Спускаюсь по лестнице — темно — как подвал. Земляные переходы — много людей — скелеты и еще почти люди. Найду тебя — ты прижался в углу, стоишь, далеко от гроба. Знаю, что ты; в темноте не вижу — какой ты стал. Но знаю — маленький мальчик. Прижимаю палец к губам. На тебя нельзя смотреть, я знаю. Сначала кости. На спину. Ты обхватил меня ручками за шею, жестко и больно твои косточки царапают. Свет будто начинает просачиваться. Теплые детские ручки, дыхание — царапины на шее не болят. На спине ребенка легко нести. Быстро иду. Ветер холодный и темный. Одна болезнь начинает бежать за нами. Ты, когда живой был, рассказывал, как ты одну болезнь понял; она изнемогла, оттого что ты стал знать и любить ее; и ты тогда задушил ее, и у тебя от этого была радость чресл. Но я не могу найти, как выйти. Такое отчаяние. Но вот, нашла. Сначала с маленьким очень хорошо идти. Но он вырастать начинает, быстрее и быстрее. Я знаю, что нельзя останавливаться. Но тяжелее и тяжелее. Не могу нести взрослого. Большого я не могу нести. Тяжело. И он не хочет, чтобы я несла его. Не может мне помочь. Но разве он не любит меня? Он встал за моей спиной и руки положил на мои плечи, но уже чуть касаются его ладони. Какое отчаяние мое. Как я скажу ему, что я ведь ничего не хочу от него, только унести его отсюда… А он сам хочет идти, без меня. Но он же не знает дорогу! Я знаю, что надо нести его. Но очень тяжело. Я останавливаюсь и невольно говорю: «Как мне тяжело с тобой!» Сразу все исчезает. Ведь несчастье, оно в том, что приходится возвращаться в ту жизнь, где ничего нельзя переменить…
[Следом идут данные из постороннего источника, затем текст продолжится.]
(* Let $N$ be a set of $n$ elements, $v:2^N\to\mathbb{R}_+$ a monotone submodular function with $v(\emptyset)=0$, and $r(S)=\sum_{i\in S}v(\{i\}\mid S\setminus\{i\})$. Let $s>0$ be such that $k=s\cdot H_n$ is a positive integer, where $H_n=\sum_{j=1}^n\frac1j$, and let $S_1,\dots,S_k$ be independent random sets, each sampled by: pick a size $m\in\{1,\dots,n\}$ with probability $(m H_n)^{-1}$, then pick a uniformly random subset of $N$ of size $m$. Then $$\Pr\Big[\max_{i}r(S_i)\ge\frac{v(N)}{2H_n}\Big]\ge1-e^{-s/2}.$$
   Context: Marginal value: $v(\{i\}\mid T)=v(T\cup\{i\})-v(T)$; submodular means $v(S\cup T)+v(S\cap T)\le v(S)+v(T)$ for all $S,T$. *)

theory Defs
  imports "HOL-Probability.Probability"
begin

definition marginal :: "('a set \<Rightarrow> real) \<Rightarrow> 'a \<Rightarrow> 'a set \<Rightarrow> real" where
  "marginal v i T = v (T \<union> {i}) - v T"

definition rval :: "('a set \<Rightarrow> real) \<Rightarrow> 'a set \<Rightarrow> real" where
  "rval v S = (\<Sum>i\<in>S. marginal v i (S - {i}))"

definition monotone_fn :: "'a set \<Rightarrow> ('a set \<Rightarrow> real) \<Rightarrow> bool" where
  "monotone_fn N v \<longleftrightarrow> (\<forall>S T. S \<subseteq> T \<and> T \<subseteq> N \<longrightarrow> v S \<le> v T)"

definition submodular :: "'a set \<Rightarrow> ('a set \<Rightarrow> real) \<Rightarrow> bool" where
  "submodular N v \<longleftrightarrow>
     (\<forall>S T. S \<subseteq> N \<and> T \<subseteq> N \<longrightarrow> v (S \<union> T) + v (S \<inter> T) \<le> v S + v T)"

definition size_pmf :: "nat \<Rightarrow> nat pmf" where
  "size_pmf n = embed_pmf (\<lambda>m. if m \<in> {1..n} then 1 / (real m * harm n) else 0)"

definition random_set_pmf :: "'a set \<Rightarrow> 'a set pmf" where
  "random_set_pmf N = do {
     m \<leftarrow> size_pmf (card N);
     pmf_of_set {S. S \<subseteq> N \<and> card S = m}
   }"

end

theory Submission
  imports Defs
begin

text \<open>
  Let \<open>m\<^sub>j\<close> be the mean of \<open>v\<close> over the \<open>j\<close>-subsets of \<open>N\<close>. Counting the pairs
  \<open>(S, i)\<close> with \<open>i \<in> S\<close> twice shows that a uniform \<open>j\<close>-subset \<open>S\<close> has
  \<open>E[r(S)] = j (m\<^sub>j - m\<^sub>j\<^sub>-\<^sub>1)\<close>; the size weights \<open>1/(j H\<^sub>n)\<close> make the sum telescope, so
  \<open>E[r(S)] = v(N)/H\<^sub>n\<close>. Submodularity and monotonicity give \<open>r(S) \<le> v(S) \<le> v(N)\<close>, so a
  reverse Markov inequality bounds the probability of \<open>r(S) < v(N)/(2H\<^sub>n)\<close> by
  \<open>1 - 1/(2H\<^sub>n)\<close>, and all \<open>k\<close> independent samples fail with probability at most
  \<open>(1 - 1/(2H\<^sub>n))\<^sup>k \<le> exp(-k/(2H\<^sub>n)) = exp(-s/2)\<close>.
\<close>

lemma sum_removal_decrements_le:
  assumes sub: "submodular N v" and fin: "finite S" and "S \<subseteq> T" and "T \<subseteq> N"
  shows "(\<Sum>i\<in>S. v T - v (T - {i})) \<le> v T - v (T - S)"
  using fin \<open>S \<subseteq> T\<close>
proof (induction S rule: finite_induct)
  case empty
  then show ?case by simp
next
  case (insert x S)
  have "v ((T - {x}) \<union> (T - S)) + v ((T - {x}) \<inter> (T - S)) \<le> v (T - {x}) + v (T - S)"
    using \<open>T \<subseteq> N\<close> by (intro sub[unfolded submodular_def, rule_format] conjI) auto
  moreover have "(T - {x}) \<union> (T - S) = T" "(T - {x}) \<inter> (T - S) = T - insert x S"
    using insert by auto
  ultimately have "v T - v (T - {x}) \<le> v (T - S) - v (T - insert x S)"
    by simp
  moreover have "(\<Sum>i\<in>S. v T - v (T - {i})) \<le> v T - v (T - S)"
    using insert by simp
  ultimately show ?case
    using insert(1,2) by simp
qed

lemma rval_eq_sum_removal_decrements:
  "rval v S = (\<Sum>i\<in>S. v S - v (S - {i}))"
  unfolding rval_def marginal_def by (intro sum.cong refl) (simp add: insert_absorb)

lemma rval_le_increment:
  assumes "submodular N v" "finite S" "S \<subseteq> N"
  shows "rval v S \<le> v S - v {}"
  using sum_removal_decrements_le[OF assms(1,2) order.refl assms(3)]
  by (simp add: rval_eq_sum_removal_decrements)

lemma rval_nonneg:
  assumes "monotone_fn N v" "S \<subseteq> N"
  shows "0 \<le> rval v S"
  using assms unfolding rval_eq_sum_removal_decrements monotone_fn_def
  by (intro sum_nonneg) auto

abbreviation subsets_card :: "'a set \<Rightarrow> nat \<Rightarrow> 'a set set" where
  "subsets_card N j \<equiv> {S. S \<subseteq> N \<and> card S = j}"

lemma finite_subsets_card: "finite N \<Longrightarrow> finite (subsets_card N j)"
  by (rule finite_subset[of _ "Pow N"]) auto

lemma subsets_card_nonempty: "finite N \<Longrightarrow> j \<le> card N \<Longrightarrow> subsets_card N j \<noteq> {}"
  using obtain_subset_with_card_n by blast

lemma sum_subsets_card_Suc_removals:
  assumes fin: "finite N"
  shows "(\<Sum>S\<in>subsets_card N (Suc j). \<Sum>i\<in>S. g (S - {i}))
       = real (card N - j) * (\<Sum>T\<in>subsets_card N j. g T)"
proof -
  have "(\<Sum>S\<in>subsets_card N (Suc j). \<Sum>i\<in>S. g (S - {i}))
      = (\<Sum>(S, i)\<in>Sigma (subsets_card N (Suc j)) (\<lambda>S. S). g (S - {i}))"
    using fin by (subst sum.Sigma) (auto simp: finite_subsets_card dest: finite_subset)
  also have "\<dots> = (\<Sum>(T, i)\<in>Sigma (subsets_card N j) (\<lambda>T. N - T). g T)"
    by (rule sum.reindex_bij_witness[where i="\<lambda>(T, i). (insert i T, i)" and j="\<lambda>(S, i). (S - {i}, i)"])
       (auto simp: card_Diff_singleton dest: finite_subset[OF _ fin])
  also have "\<dots> = (\<Sum>T\<in>subsets_card N j. real (card (N - T)) * g T)"
    using fin by (subst sum.Sigma[symmetric]) (auto simp: finite_subsets_card)
  also have "\<dots> = (\<Sum>T\<in>subsets_card N j. real (card N - j) * g T)"
    using fin by (intro sum.cong refl) (auto simp: card_Diff_subset finite_subset)
  finally show ?thesis by (simp add: sum_distrib_left)
qed

definition layer_mean :: "'a set \<Rightarrow> ('a set \<Rightarrow> real) \<Rightarrow> nat \<Rightarrow> real" where
  "layer_mean N v j = (\<Sum>T\<in>subsets_card N j. v T) / real (card N choose j)"

lemma layer_mean_0: "finite N \<Longrightarrow> layer_mean N v 0 = v {}"
proof -
  assume "finite N"
  then have "subsets_card N 0 = {{}}" by (auto dest: finite_subset)
  then show ?thesis by (simp add: layer_mean_def)
qed

lemma layer_mean_card: "finite N \<Longrightarrow> layer_mean N v (card N) = v N"
proof -
  assume "finite N"
  then have "subsets_card N (card N) = {N}" using card_subset_eq by auto
  then show ?thesis by (simp add: layer_mean_def)
qed

lemma expectation_rval_pmf_of_subsets_card:
  assumes fin: "finite N" and j: "Suc j \<le> card N"
  shows "measure_pmf.expectation (pmf_of_set (subsets_card N (Suc j))) (rval v)
       = real (Suc j) * (layer_mean N v (Suc j) - layer_mean N v j)"
proof -
  let ?n = "card N"
  have sum_rval: "(\<Sum>S\<in>subsets_card N (Suc j). rval v S)
      = real (Suc j) * (\<Sum>S\<in>subsets_card N (Suc j). v S) - real (?n - j) * (\<Sum>T\<in>subsets_card N j. v T)"
    by (simp add: rval_eq_sum_removal_decrements sum_subtractf sum_distrib_left
        sum_subsets_card_Suc_removals[OF fin])
  have "real (Suc j) * real (?n choose Suc j) = real (?n - j) * real (?n choose j)"
    unfolding of_nat_mult[symmetric] binomial_absorption binomial_absorb_comp ..
  then have ratio: "real (?n - j) / real (?n choose Suc j) = real (Suc j) / real (?n choose j)"
    using j by (simp add: field_simps)
  have "measure_pmf.expectation (pmf_of_set (subsets_card N (Suc j))) (rval v)
      = (\<Sum>S\<in>subsets_card N (Suc j). rval v S) / real (?n choose Suc j)"
    by (simp add: integral_pmf_of_set[OF subsets_card_nonempty[OF fin j] finite_subsets_card[OF fin]]
        n_subsets[OF fin])
  also have "\<dots> = real (Suc j) * layer_mean N v (Suc j)
      - real (?n - j) / real (?n choose Suc j) * (\<Sum>T\<in>subsets_card N j. v T)"
    unfolding sum_rval layer_mean_def by (simp add: diff_divide_distrib)
  also have "\<dots> = real (Suc j) * (layer_mean N v (Suc j) - layer_mean N v j)"
    unfolding ratio layer_mean_def by (simp add: right_diff_distrib)
  finally show ?thesis .
qed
Прости меня. За все твои мучения. За то, что тебе плохо было в жизни. Я люблю тебя, и потому я виновата во всем. Прости меня…

Вот если бы так было — человек уходит в землю, чтобы вырасти опять. Вот лето наступило, и на могиле маленький сидит кудрявый мальчик. Вырос из земли и тянет ручки.

— Пойдем домой, — он говорит.

И я несу его на руках…[9]

* * *

Так говорила семь дней. Потому что семь дней положено оплакивать умершего. Семь дней на полу и в разорванной одежде…

* * *

Теперь о том, что было с жителями города.

Когда Андреас всю ночь ходил среди людей Риндфлайша, от человека к человеку; многие в городе поднялись на стены и вглядывались вдаль. Не было понятно, что происходит с людьми Риндфлайша. И многими в городе овладело недоверие. Многие разочаровались. Одни ушли спать, другие остались охранять город.

Всю ночь Андреас ходил среди людей Риндфлайша. Говорил с каждым внимательно. Каждому отдавал свою душу.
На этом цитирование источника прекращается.